2001 Hutchinson gas explosions
- Date: January 17–18, 2001
- Location: Hutchinson, Kansas, US;
- Cause: Natural gas leak
- Deaths: 2

= 2001 Hutchinson gas explosions =

2001 gas explosion in Hutchinson, Kansas

On January 17, 2001, natural gas stored underground at the Yaggy storage field nearby Hutchinson, Kansas, leaked into empty brine caverns and salt wells, resulting in two gas explosions in the city of Hutchinson on January 17 and 18.

== Background ==
The city of Hutchinson, Kansas has had a prominent salt mining industry since the 19th century, when salt was discovered in Reno County in 1887. The primary method to extract salt at the time was pumping water into brine wells, and then evaporating it, leading to the creation of various empty and abandoned brine caverns across the city.
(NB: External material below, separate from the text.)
(* Let $A,B,E,C$ define the stochastic system $X_{k+1}=AX_k+BU_k+EW_k$, $Y_k=CX_k$, with i.i.d. disturbances $W_k\in\mathcal L^2$ of known distribution, $(A,B)$ controllable, $(A,C)$ observable, and $T_{\mathrm{ini}}$ an integer not smaller than the lag of $(A,C)$. Assume it is equivalent to the VARX model $Y_k=\hat A\,Y_{[k-T_{\mathrm{ini}},k-1]}+\hat B\,U_{[k-T_{\mathrm{ini}},k-1]}+W_{k-1}$ with $\hat A\in\mathbb R^{n_y\times T_{\mathrm{ini}}n_y}$, $\hat B\in\mathbb R^{n_y\times T_{\mathrm{ini}}n_u}$, $W_k\in\mathcal L^2(\mathbb R^{n_y})$, and that the initial input-output trajectory $(U,Y)_{[1-T_{\mathrm{ini}},0]}$ is deterministic. Let $(u^{\mathrm{ud}},y^{\mathrm{ud}})_{[1-T_{\mathrm{ini}},T]}$ be real data with $y^{\mathrm{ud}}_k=\hat A\,y^{\mathrm{ud}}_{[k-T_{\mathrm{ini}},k-1]}+\hat B\,u^{\mathrm{ud}}_{[k-T_{\mathrm{ini}},k-1]}$ for all $k\in\mathbb I_{[1,T]}$, and let $N\in\mathbb N^+$ satisfy $\operatorname{rank}\begin{bmatrix}\mathcal H_{T_{\mathrm{ini}}+N}(u^{\mathrm{ud}}_{[1,T]})\\ \mathcal H_{T_{\mathrm{ini}}}(y^{\mathrm{ud}}_{[1,T-N]})\end{bmatrix}=(T_{\mathrm{ini}}+N)n_u+T_{\mathrm{ini}}n_y$. With the PCE notation of the context, fix $j\in\mathbb I_{[1,L-1]}$ and write $k'=k'(j)$, $\bar N=N-k'$. Then real sequences $(\mathsf u^j,\mathsf y^j)_{[1,N]}$ form a trajectory of the $j$-th PCE coefficient dynamics, i.e. with $(\mathsf u^j,\mathsf y^j)_{[1-T_{\mathrm{ini}},0]}=0$, $$\mathsf y^j_k=\hat A\,\mathsf y^j_{[k-T_{\mathrm{ini}},k-1]}+\hat B\,\mathsf u^j_{[k-T_{\mathrm{ini}},k-1]}+\mathsf w^j_{k-1},\quad k\in\mathbb I_{[1,N]},$$ and the causality requirement $\mathsf u^j_k=0$ for $k\in\mathbb I_{[1,k']}$, if and only if there exists $\mathsf g^j\in\mathbb R^{T-N-T_{\mathrm{ini}}+1}$ such that $$(\mathsf u^j,\mathsf y^j)_{[1,k']}=0,\qquad \mathsf y^j_{k'+1}=\mathsf w^{I(j)},$$ $$\begin{bmatrix}\mathcal H_{T_{\mathrm{ini}}-1}(u^{\mathrm{ud}}_{[1,T-N-1]})\\ \mathcal H_{T_{\mathrm{ini}}-1}(y^{\mathrm{ud}}_{[1,T-N-1]})\\ \mathcal H_{\bar N}(u^{\mathrm{ud}}_{[T_{\mathrm{ini}},T-k'-1]})\\ \mathcal H_{\bar N}(y^{\mathrm{ud}}_{[T_{\mathrm{ini}},T-k'-1]})\end{bmatrix}\mathsf g^j=\begin{bmatrix}0_{(T_{\mathrm{ini}}-1)n_u\times1}\\ 0_{(T_{\mathrm{ini}}-1)n_y\times1}\\ \mathsf u^j_{[k'+1,N]}\\ \mathsf y^j_{[k'+1,N]}\end{bmatrix}.$$
   Context: $\mathcal L^2(\mathbb R^n)$: $\mathbb R^n$-valued random variables with finite second moments. $\mathbb I_{[a,b]}=\{a,\dots,b\}$; $z_{[a,b]}=[z_a^\top,\dots,z_b^\top]^\top$. For $z_{[a,b]}$ with $z_k\in\mathbb R^n$ and $M\le b-a+1$, $\mathcal H_M(z_{[a,b]})$ is the $Mn\times(b-a-M+2)$ block Hankel matrix whose $(r,c)$ block is $z_{a+r+c-2}$. The lag of observable $(A,C)$ is the smallest $\ell$ with $[C^\top,\dots,(CA^{\ell-1})^\top]^\top$ of full column rank. PCE setup: each $W_k$ has an exact finite polynomial chaos expansion $W_k=\sum_{n=0}^{L_w-1}\mathsf w^n\psi^n(\xi_k)$ with $\mathsf w^n\in\mathbb R^{n_y}$, orthogonal polynomials $\psi^n$, $\psi^0=1$, and independent stochastic germs $\xi_k$ (same coefficients for all $k$). The joint basis $\{\phi^j\}_{j=0}^{L-1}$, $L=1+N(L_w-1)$, is $\phi^0=1$ and $\phi^{k(L_w-1)+n}=\psi^n(\xi_k)$ for $k\in\mathbb I_{[0,N-1]}$, $n\in\mathbb I_{[1,L_w-1]}$. Let $\mathcal I_k=\mathbb I_{[1+k(L_w-1),(k+1)(L_w-1)]}$; for $j\ge1$, $k'(j)$ is the $k$ with $j\in\mathcal I_k$, and $I(j)=j-k'(j)(L_w-1)$. The coefficients of $W_k$ in the joint basis are $\mathsf w^j_k=\mathbb E[W]$ if $j=0$, $\mathsf w^{I(j)}$ if $j\in\mathcal I_k$, and $0$ otherwise. The causality requirement stems from inputs/outputs at time $k$ depending only on $W_0,\dots,W_{k-1}$. *)

theory Defs
  imports "Jordan_Normal_Form.DL_Rank"
begin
The Yaggy storage field, located seven miles northwest of Hutchinson, was developed in the 1980s as an underground propane storage field, with wells drilled into lower parts of the Hutchinson Salt Member. The field was eventually purchased by the Kansas Gas Service (KGas), a subsidiary of Oneok, and repurposed into a natural gas storage field.

== Cause ==
On the morning of January 17, 2001, technicians at the Yaggy storage field noticed a drop in pressure in 16 underground jugs that had been filled with natural gas over the past series of days. KGas traced the drop in pressure to a leak in the S-1 jug since at least January 14. About 143 Mcuft of natural gas had leaked through layers of fractured dolomite into abandoned brine caverns and salt wells, routing them to the surface and into buildings in downtown Hutchinson.

== Timeline ==
The initial explosion occurred at 10:45 am at the Decor Shop, destroying the building, the neighboring Woody's Furniture Store, and damaging 26 others. The force of the explosion had blown out windows in nearby buildings, although only minor injuries occurred. A gas fire had ignited at the site of the explosion, of which all attempts to extinguish, including disabling the local gas lines, failed.

By the evening, several sinkholes and geysers of water and gas reaching up to 30 ft formed across the eastern side of the city. A day later, on January 18, another explosion in a trailer at the Big Chief Mobile Home Park critically injured two, John and Mary Ann Hahn, both of whom who later died from their injuries.

== Response ==
Initial response to the explosions, according to Holloway, was unprepared, as firefighters were unaware of the cause of the first explosion and failed to extinguish the resulting fire, with officials initially attempting to turn off the local gas lines to the buildings. The Kansas National Guard was called in to help evacuate parts of the city because of the gas leaks. Evacuations included more than 200 families; 191 homes on the east side of Hutchinson, including the residents of the Big Chief Mobile Home Park, and 43 businesses. Employees were evacuated from Underground Vaults & Storage, a salt mine storage location which housed the original film negative of The Wizard of Oz and various documents.

The Kansas Gas Service mobilized more than 100 workers to check for leaks, and began drilling operations to vent the gas in the brine caverns. 57 venting wells were installed by KGas across the city. Governor Bill Graves directed the Kansas Geological Survey to postpone out-of-state geological research for the US Army and to redirect their resources to assisting evaluations of the gas leaks and explosions.

== Aftermath ==
Several lawsuits were filed against KGas and its parent company, Oneok, one of which reached the Kansas Supreme Court after an appeal from the Reno County District Court, resulting in Oneok being found liable for the incidents but resulted in no damages awarded to the business class plaintiffs, one that resulted in $5 million in damages being awarded to residential class plaintiffs, and another that resulted in an award of $5.25 million to the plaintiffs, an increase from the initial $1.71 million.

An unrelated underground gas leak resulted in the explosion of an auto parts store in Hutchinson on February 22, 2025.